The Sergeant let out a long sigh. She picked up the fountain pen and rolled it between her fingers.
‘Louise, are you badly hurt?’ she asked finally.
‘No,’ said Lou, her lower lip trembling. But the guilt weighed even heavier on me, as I noticed that the purple bruise spread all the way to her elbow.
‘Ask Nurse Cooper to check that you’re OK and then you may return with Mr Winch to your lesson,’ she snapped. ‘Please come back and see me here at the end of the day. I feel there are a few things that you and I may need to discuss. In the meantime, I’m going to contact your mother.’
‘Please could you not…’ Lou began, but stopped midway through her sentence, seeing the Sergeant’s glare. Her eyes bore into Lou’s face, as if daring her to go on.
‘You should have thought about that when you made your remark earlier, Louise.’
When the door shut behind them, I found myself edging deeper into the chair. For some reason, I wondered whether the Sergeant had any children of her own and if she did, whether they were scared of her too.
‘I’m sorry,’ I said. ‘I shouldn’t have pushed her. I don’t know what came over me… I honestly didn’t even know that I had…’
But then I heard the last three words I’d ever expect from her lips, ‘Don’t be sorry.’
‘What?’
‘You heard me. I don’t normally say things like this. Don’t be sorry for feeling the way you do. Yes, you shouldn’t have lashed out at Louise, although she probably deserved it. Trust me, there will be many times in life when people say or do things to you and they deserve a reaction. Unfortunately, that doesn’t give you permission t
o push or hit them. But you have every right to be angry… considering everything that’s happened to you recently. You’ve dealt with it extremely bravely and it must be infuriating to have someone like Louise being nasty.’

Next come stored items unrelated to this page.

lemma bounded_linf_opD:
  assumes "bounded_linf_op lam mu nu"
  obtains C where "\<And>n. n \<ge> 1 \<Longrightarrow> summable (\<lambda>j. hilbert_kernel lam mu nu n (Suc j))"
    and "\<And>n. n \<ge> 1 \<Longrightarrow> (\<Sum>j. hilbert_kernel lam mu nu n (Suc j)) \<le> C"
proof -
  define one :: "nat \<Rightarrow> real" where "one = (\<lambda>_. 1)"
  have one: "one \<in> linf" "linf_norm one = 1"
    by (auto simp: one_def linf_norm_def intro: linfI)
  obtain C where summable: "\<forall>n\<ge>1. summable (\<lambda>j. hilbert_term lam mu nu one n (Suc j))"
    and image: "hilbert_op lam mu nu one \<in> linf" and norm: "linf_norm (hilbert_op lam mu nu one) \<le> C"
    using assms one unfolding bounded_linf_op_def by fastforce
  have "hilbert_op lam mu nu one n \<le> C" if "n \<ge> 1" for n
    using linf_norm_ge[OF image that] norm by linarith
  with summable show thesis
    by (intro that[of C]) (simp_all add: hilbert_op_def hilbert_term_eq one_def)
qed

lemma hilbert_kernel_head_sum_le:
  fixes lam mu nu :: real
  assumes "mu > -1" "lam \<ge> 0" "n \<ge> 1"
  shows "(\<Sum>m=1..n. hilbert_kernel lam mu nu n m)
    \<le> max 1 (1 / (mu + 1)) * real n powr (mu + nu + 1 - lam)"
proof -
  have "(\<Sum>m=1..n. hilbert_kernel lam mu nu n m) \<le> (\<Sum>m=1..n. real m powr mu * real n powr (nu - lam))"
  proof (rule sum_mono)
    fix m assume "m \<in> {1..n}"
    have "real n powr lam \<le> real (m + n) powr lam"
      using assms by (intro powr_mono2) auto
    then have "hilbert_kernel lam mu nu n m \<le> real m powr mu * real n powr nu / real n powr lam"
      unfolding hilbert_kernel_def using assms(3) by (intro divide_left_mono) auto
    then show "hilbert_kernel lam mu nu n m \<le> real m powr mu * real n powr (nu - lam)"
      by (simp add: powr_diff)
  qed
  also have "\<dots> = (\<Sum>m=1..n. real m powr mu) * real n powr (nu - lam)"
    by (simp add: sum_distrib_right)
  also have "\<dots> \<le> max 1 (1 / (mu + 1)) * real n powr (mu + 1) * real n powr (nu - lam)"
    using sum_powr_le[OF assms(1)] by (intro mult_right_mono) auto
  also have "\<dots> = max 1 (1 / (mu + 1)) * real n powr (mu + nu + 1 - lam)"
    by (simp add: mult.assoc powr_add[symmetric] algebra_simps)
  finally show ?thesis .
qed
lemma dictator_if_never_Cyc:
  fixes w :: "('n::finite, 'a) profile \<Rightarrow> 'a pref"
  assumes card: "3 \<le> card (UNIV :: 'a set)" and "unanimity_iia w"
    and never_Cyc: "\<And>p. valid p \<Longrightarrow> w p \<noteq> Cyc"
  shows "\<exists>d. dictator w d"
proof -
  obtain F where F: "induced_by w F" "unanimity_rel F" "iia_rel F"
    using \<open>unanimity_iia w\<close> unfolding unanimity_iia_def by blast
  have total: "F p a b \<or> F p b a" if "valid p" for p a b
    using F(1) that unfolding induced_by_def by blast
  have F_weak_order: "weak_order (F p)" and w_eq: "w p = WO (Abs_worder (F p))" if "valid p" for p
    using F(1) never_Cyc[OF that] that total[OF that] unfolding induced_by_def weak_order_def
    by metis+
  interpret arrow_swf F
    using card total F_weak_order[unfolded weak_order_def] F(2,3)[unfolded unanimity_rel_def iia_rel_def]
    by unfold_locales blast+
  obtain d where d: "\<And>p a b. valid p \<Longrightarrow> strict (p d) a b \<Longrightarrow> F p a b \<and> \<not> F p b a"
    using dictator_exists by blast
  have "strict (w p) a b \<longleftrightarrow> F p a b \<and> \<not> F p b a" if "valid p" for p a b
    by (simp add: w_eq[OF that] Rep_worder_Abs_worder[OF F_weak_order[OF that]])
  then have "dictator w d"
    unfolding dictator_def ple_def using d never_Cyc by blast
  then show ?thesis ..
qed

section \<open>The self-reference system \<open>(w, \<Omega>\<^sub>i)\<close>\<close>

lemma star_Upsilon: "star w i (Upsilon i) f = (\<lambda>j. if j = i then w f else Cyc)"
  by (auto simp: star_def Omega_def Upsilon_def pmeet_Ind)

lemma quasi_goedelian_if_cyclic:
  assumes q: "valid q" "w q = Cyc"
  shows "quasi_goedelian w i (Upsilon i)"
proof -
  have below: "prof_le q (prof_neg (star w i (Upsilon i) q))"
    by (simp add: star_Upsilon q(2) prof_le_def prof_neg_def ple_def)
  have complete_iff: "quasi_complete w i (Upsilon i) q \<longleftrightarrow> w (prof_neg q) = Ind"
    by (simp add: quasi_complete_def inconsistent_def star_Upsilon q(2) prof_neg_def pmeet_Ind
        pneg_eq_Cyc_iff)
  have "\<not> quasi_consistent w i (Upsilon i) q" if "w (prof_neg q) = Ind"
  proof
    assume "quasi_consistent w i (Upsilon i) q"
    then have "ple (q i) (pneg (star w i (Upsilon i) (prof_neg q) i))"
      unfolding quasi_consistent_def prof_le_def prof_neg_def by blast
    then have "ple (q i) (pneg (w (prof_neg q)))"
      by (simp add: star_Upsilon)
    then show False using that valid_imp_neq_Cyc[OF q(1)] by (simp add: ple_Cyc_iff)
  qed
  then show ?thesis
    using q(1) below complete_iff unfolding quasi_goedelian_def by blast
qed

theorem theorem11:
  fixes w :: "('n::finite, 'a::finite) profile \<Rightarrow> 'a pref" and i :: 'n
  assumes "card (UNIV :: 'a set) \<ge> 3"
    and "card (UNIV :: 'n set) \<ge> 2"
    and "unanimity_iia w"
    and "non_dictatorship w"
  shows "quasi_goedelian w i (Upsilon i)"
proof -
  obtain q where "valid q" "w q = Cyc"
    using dictator_if_never_Cyc[OF assms(1,3)] assms(4) unfolding non_dictatorship_def by blast
  then show ?thesis by (rule quasi_goedelian_if_cyclic)
qed

end
lemma level_bounded_subset_tuple_set:
  "level_bounded v \<subseteq> tuple_set ` (SIGMA vs:level_vectors v. ordered_tuples vs)"
proof
  fix S assume "S \<in> level_bounded v"
  then have S: "S \<subseteq> {1..n}" "card S = k" "total_level S = U + v" "\<And>m. m \<in> S \<Longrightarrow> level m \<le> t + v"
    unfolding level_bounded_def k_subsets_def by auto
  moreover have "finite S" using S(1) finite_subset by blast
  ultimately obtain f where f: "strict_mono_on {1..k} f" "f ` {1..k} = S"
    using finite_ex_strict_mono_on_atLeastAtMost by metis
  define vs where "vs = restrict (level \<circ> f) {1..k}"
  define js where "js = restrict (pfree \<circ> f) {1..k}"
  have "(\<Sum>i\<in>{1..k}. vs i) = total_level S"
    unfolding total_level_def f(2)[symmetric] sum.reindex[OF strict_mono_on_imp_inj_on[OF f(1)]]
      vs_def by simp
  then have "vs \<in> level_vectors v"
    unfolding level_vectors_def vs_def using S(3,4) f(2) by auto
  moreover have "js \<in> ordered_tuples vs"
    unfolding vs_def js_def using f S(1) by (intro ordered_tuples_of_strict_mono_on) auto
  moreover have "tuple_set (vs, js) = S"
    unfolding tuple_set_def fst_conv snd_conv f(2)[symmetric]
  proof (intro image_cong refl)
    fix i assume "i \<in> {1..k}"
    then have "f i \<in> {1..n}" using f(2) S(1) by blast
    then show "p ^ (s - vs i) * js i = f i"
      using level_pfree_decomp(1)[of "f i"] \<open>i \<in> {1..k}\<close> unfolding vs_def js_def by simp
  qed
  ultimately show "S \<in> tuple_set ` (SIGMA vs:level_vectors v. ordered_tuples vs)" by blast
qed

My face was on fire. I sort of wanted her to shout at me, to give me a whole month’s worth of detentions, to make me stand up in assembly and apologise for pushing Lou. Anything would have been better than this. But at last I understood – this strictest and most military of women had turned soft because she felt sorry for me.
‘I’m all right.’
She continued to look at me, her nails tapping out a rhythm on the desk like tiny marching soldiers.

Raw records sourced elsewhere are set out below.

(* For $i=1,2$ let $g_i\in SU(2)$ be a lift of a rotation of $S^2\cong\mathbb{C}P^1$ by an arbitrarily small angle $\epsilon_i$ (about different axes for $i=1,2$), and let \[\Upsilon_i=\{[a,g_i(a),b]\in\mathrm{Sym}^3\mathbb{C}P^1:\ a,b\in\mathbb{C}P^1\}\subset\mathrm{Sym}^3\mathbb{C}P^1\cong\mathbb{C}P^3.\] Then $\deg\Upsilon_i=4$.
   Context: $\mathrm{Sym}^3\mathbb{C}P^1$ is identified with $\mathbb{C}P^3=\mathbb{P}(S^3\mathbb{C}^2)$ by sending an unordered triple of points of $\mathbb{C}P^1$ to the (projectivized) product of the corresponding linear forms, i.e. the homogeneous cubic in two variables with those roots. $SU(2)$ acts on $\mathbb{C}P^1\cong S^2$ by rotations. The degree of a complex surface in $\mathbb{C}P^3$ is the number of its intersection points with a generic line. *)

theory Defs
  imports "HOL-Analysis.Analysis"
begin

definition proj_pt :: "'a::field ^ 'n \<Rightarrow> ('a ^ 'n) set" where
  "proj_pt v = {c *s v | c. c \<noteq> 0}"

text \<open>Linear form on \<open>\<complex>\<^sup>2\<close> vanishing at the point [a1:a2] of CP^1:
  (x,y) \<mapsto> a2 x - a1 y; stored as coefficient pair (coeff of x, coeff of y).\<close>

text \<open>Coefficients (of x^3, x^2 y, x y^2, y^3) of the binary cubic
  l_a l_b l_c, the product of the linear forms with roots a, b, c.\<close>
definition cubic_of :: "complex^2 \<Rightarrow> complex^2 \<Rightarrow> complex^2 \<Rightarrow> complex^4" where
  "cubic_of a b c =
    (let p1 = a$2; q1 = - a$1; p2 = b$2; q2 = - b$1; p3 = c$2; q3 = - c$1 in
     vector [p1*p2*p3,
             p1*p2*q3 + p1*q2*p3 + q1*p2*p3,
             p1*q2*q3 + q1*p2*q3 + q1*q2*p3,
             q1*q2*q3])"

text \<open>The identification Sym^3 CP^1 = CP^3: the unordered triple [a,b,c] goes to the
  projective class of the cubic with roots a, b, c.\<close>
definition sym3_pt :: "complex^2 \<Rightarrow> complex^2 \<Rightarrow> complex^2 \<Rightarrow> (complex^4) set" where
  "sym3_pt a b c = proj_pt (cubic_of a b c)"

definition Upsilon :: "complex^2^2 \<Rightarrow> (complex^4) set set" where
  "Upsilon g = {sym3_pt a (g *v a) b | a b. a \<noteq> 0 \<and> b \<noteq> 0}"

definition proj_line :: "complex^4 \<Rightarrow> complex^4 \<Rightarrow> (complex^4) set set" where
  "proj_line u v = {proj_pt (s *s u + t *s v) | s t. (s, t) \<noteq> (0, 0)}"

text \<open>A subset S of CP^3 has degree d if a generic line meets it in exactly d points:
  there is an open dense set of pairs (u,v) spanning lines, all of which meet S
  in exactly d points.\<close>
definition has_degree :: "(complex^4) set set \<Rightarrow> nat \<Rightarrow> bool" where
  "has_degree S d \<longleftrightarrow>
     (\<exists>U :: ((complex^4) \<times> (complex^4)) set. open U \<and> closure U = UNIV \<and>
        (\<forall>(u, v) \<in> U. (\<forall>s t. s *s u + t *s v = 0 \<longrightarrow> s = 0 \<and> t = 0) \<and>
                      card (proj_line u v \<inter> S) = d))"

definition pauli_dot :: "real^3 \<Rightarrow> complex^2^2" where
  "pauli_dot n = vector [vector [complex_of_real (n$3), complex_of_real (n$1) - \<i> * complex_of_real (n$2)],
                         vector [complex_of_real (n$1) + \<i> * complex_of_real (n$2), - complex_of_real (n$3)]]"

definition lift_of_rotation :: "complex^2^2 \<Rightarrow> real^3 \<Rightarrow> real \<Rightarrow> bool" where
  "lift_of_rotation g n eps \<longleftrightarrow> norm n = 1 \<and>
     (\<exists>\<sigma>\<in>{1, -1::complex}.
        g = (\<chi> i j. \<sigma> * (complex_of_real (cos (eps/2)) * (mat 1 :: complex^2^2) $ i $ j
                          - \<i> * complex_of_real (sin (eps/2)) * pauli_dot n $ i $ j)))"

end

theory Submission
  imports Defs "HOL-Computational_Algebra.Fundamental_Theorem_Algebra"
begin

text \<open>For a point a of \<open>\<complex>P\<^sup>1\<close> let \<open>l\<^sub>a\<close> be the linear form vanishing at a. The cubic
  \<open>l\<^sub>a\<^sub>1 l\<^sub>a\<^sub>2 l\<^sub>a\<^sub>3\<close> lies on \<open>\<Upsilon>\<^sub>g\<close> iff \<open>g(a\<^sub>i) = a\<^sub>j\<close> for some \<open>i \<noteq> j\<close>, i.e. iff
  \<open>\<Prod>\<^sub>i\<^sub>\<noteq>\<^sub>j det(g a\<^sub>i, a\<^sub>j) = 0\<close>. This product has degree 4 in each \<open>a\<^sub>i\<close> and is symmetric,
  so it is a quartic form \<open>F\<^sub>g\<close> in the coefficients of the cubic, and \<open>\<Upsilon>\<^sub>g = {F\<^sub>g = 0}\<close>.
  The line through [u] and [v] meets \<open>\<Upsilon>\<^sub>g\<close> in the points \<open>[z u + v]\<close> with z a root of the
  quartic polynomial \<open>z \<mapsto> F\<^sub>g(z u + v)\<close>, so it meets \<open>\<Upsilon>\<^sub>g\<close> in exactly four points as soon as
  \<open>F\<^sub>g(u)\<close>, the leading coefficient and the discriminant of that quartic are nonzero.
  Their product is a polynomial function of (u, v); its nonvanishing set is therefore open,
  and dense once it is nonempty. A point of it is found in an eigenbasis of g, where the
  quartic becomes biquadratic with four distinct roots precisely when the eigenvalues
  \<open>\<lambda>, \<lambda>'\<close> of g satisfy \<open>\<lambda>\<^sup>2 \<noteq> \<plusminus>\<lambda>'\<^sup>2\<close>; for a rotation by a small angle \<open>\<epsilon> > 0\<close> this holds,
  since \<open>\<lambda>\<^sup>2/\<lambda>'\<^sup>2 = e\<^sup>-\<^sup>2\<^sup>i\<^sup>\<epsilon>\<close>.\<close>

section \<open>Polynomial functions\<close>

lemma polynomial_function_mult_algebra [intro]:
  fixes f g :: "'a::real_normed_vector \<Rightarrow> 'b::{euclidean_space,real_normed_algebra}"
  assumes f: "polynomial_function f" and g: "polynomial_function g"
  shows "polynomial_function (\<lambda>x. f x * g x)"
proof -
  have "f x * g x = (\<Sum>b\<in>Basis. \<Sum>c\<in>Basis. ((f x \<bullet> b) * (g x \<bullet> c)) *\<^sub>R (b * c))" for x
    by (subst (1 2) euclidean_representation[symmetric])
       (simp add: sum_product scaleR_right.sum scaleR_left.sum algebra_simps)
  moreover have "polynomial_function (\<lambda>x. ((f x \<bullet> b) * (g x \<bullet> c)) *\<^sub>R (b * c))" for b c
  proof -
    have "real_polynomial_function (\<lambda>x. f x \<bullet> b)" "real_polynomial_function (\<lambda>x. g x \<bullet> c)"
      using f g by (simp_all add: real_polynomial_function_eq polynomial_function_inner)
    then show ?thesis
      by (simp add: polynomial_function_mult real_polynomial_function.intros(4)
          flip: real_polynomial_function_eq)
  qed
  ultimately show ?thesis by (simp add: polynomial_function_sum)
qed

lemma polynomial_function_power_algebra [intro]:
  fixes f :: "'a::real_normed_vector \<Rightarrow> 'b::{euclidean_space,real_normed_algebra_1}"
  assumes "polynomial_function f"
  shows "polynomial_function (\<lambda>x. f x ^ n)"
  by (induction n) (use assms in auto)

lemma real_polynomial_function_nonzero_dense:
  fixes h :: "'a::real_normed_vector \<Rightarrow> real"
  assumes h: "real_polynomial_function h" and "h p \<noteq> 0"
  shows "closure {x. h x \<noteq> 0} = UNIV"
proof -
  have "x \<in> closure {x. h x \<noteq> 0}" for x
  proof -
    define line where "line = (\<lambda>w::real. x + w *\<^sub>R (p - x))"
    have "real_polynomial_function (h \<circ> line)"
      unfolding line_def using h by (intro real_polynomial_function_compose) auto
    then obtain a n where a: "\<And>w. h (line w) = (\<Sum>i\<le>n. a i * w ^ i)"
      by (metis comp_apply real_polynomial_function_iff_sum)
    have "h (line 1) \<noteq> 0" using assms(2) by (simp add: line_def)
    then have "\<exists>k\<le>n. a k \<noteq> 0" using polyfun_eq_0[of a n] a by metis
    then have fin: "finite {w. h (line w) = 0}"
      unfolding a by (rule polyfun_rootbound_finite)
    have "\<exists>w. h (line w) \<noteq> 0 \<and> dist (line w) x < e" if "e > 0" for e
    proof -
      define r where "r = e / (norm (p - x) + 1)"
      have "r > 0" using that by (simp add: r_def add_nonneg_pos)
      then have "infinite {0<..<r}" by simp
      then obtain w where w: "w \<in> {0<..<r}" "h (line w) \<noteq> 0"
        using fin by (metis (mono_tags) finite_subset mem_Collect_eq subsetI)
      have "dist (line w) x = w * norm (p - x)" using w by (simp add: line_def dist_norm)
      also have "\<dots> \<le> r * norm (p - x)" using w by (intro mult_right_mono) auto
      also have "\<dots> < e" using that by (simp add: r_def divide_less_eq add_nonneg_pos)
      finally show ?thesis using w by blast
    qed
    then show ?thesis unfolding closure_approachable by blast
  qed
  then show ?thesis by blast
qed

‘Isabel, is this the first time that Louise has said something hurtful to you?’ She was careful to hold my gaze.
‘Yes,’ I said, although of course that wasn’t true. I just wanted the conversation to be over as soon as it possibly could be.
‘If it happens again, I want you to report it directly to me, do you hear?’
‘I will. Of course I will.’
‘And… how are you doing generally?’
‘Good,’ I told her. It came out louder than I’d intended, although I’d tried my hardest to keep my voice calm.
‘OK, Izzy. Go back to class.’
I nodded, still not quite believing I was getting off so lightly – no phone call to Dad, no letter to take home, nothing.
And then I was outside in the corridor once more, unsure of what to do next.
Eleven
I wandered about aimlessly. I couldn’t face any more lessons. Not after the Lady Macbeth drama. So I went to the school office and told them I was sick. I wanted Dad to pick me up. I wanted to tell him everything – my nightmares, Lou, the mural, the mysterious colour thief and how all of what had happened had been my fault. Dad would understand and know what to do. I waited patiently for him to come to get me. He didn’t.
Aunty Lyn came instead and made a massive fuss over me being unwell, checking how hot my forehead was.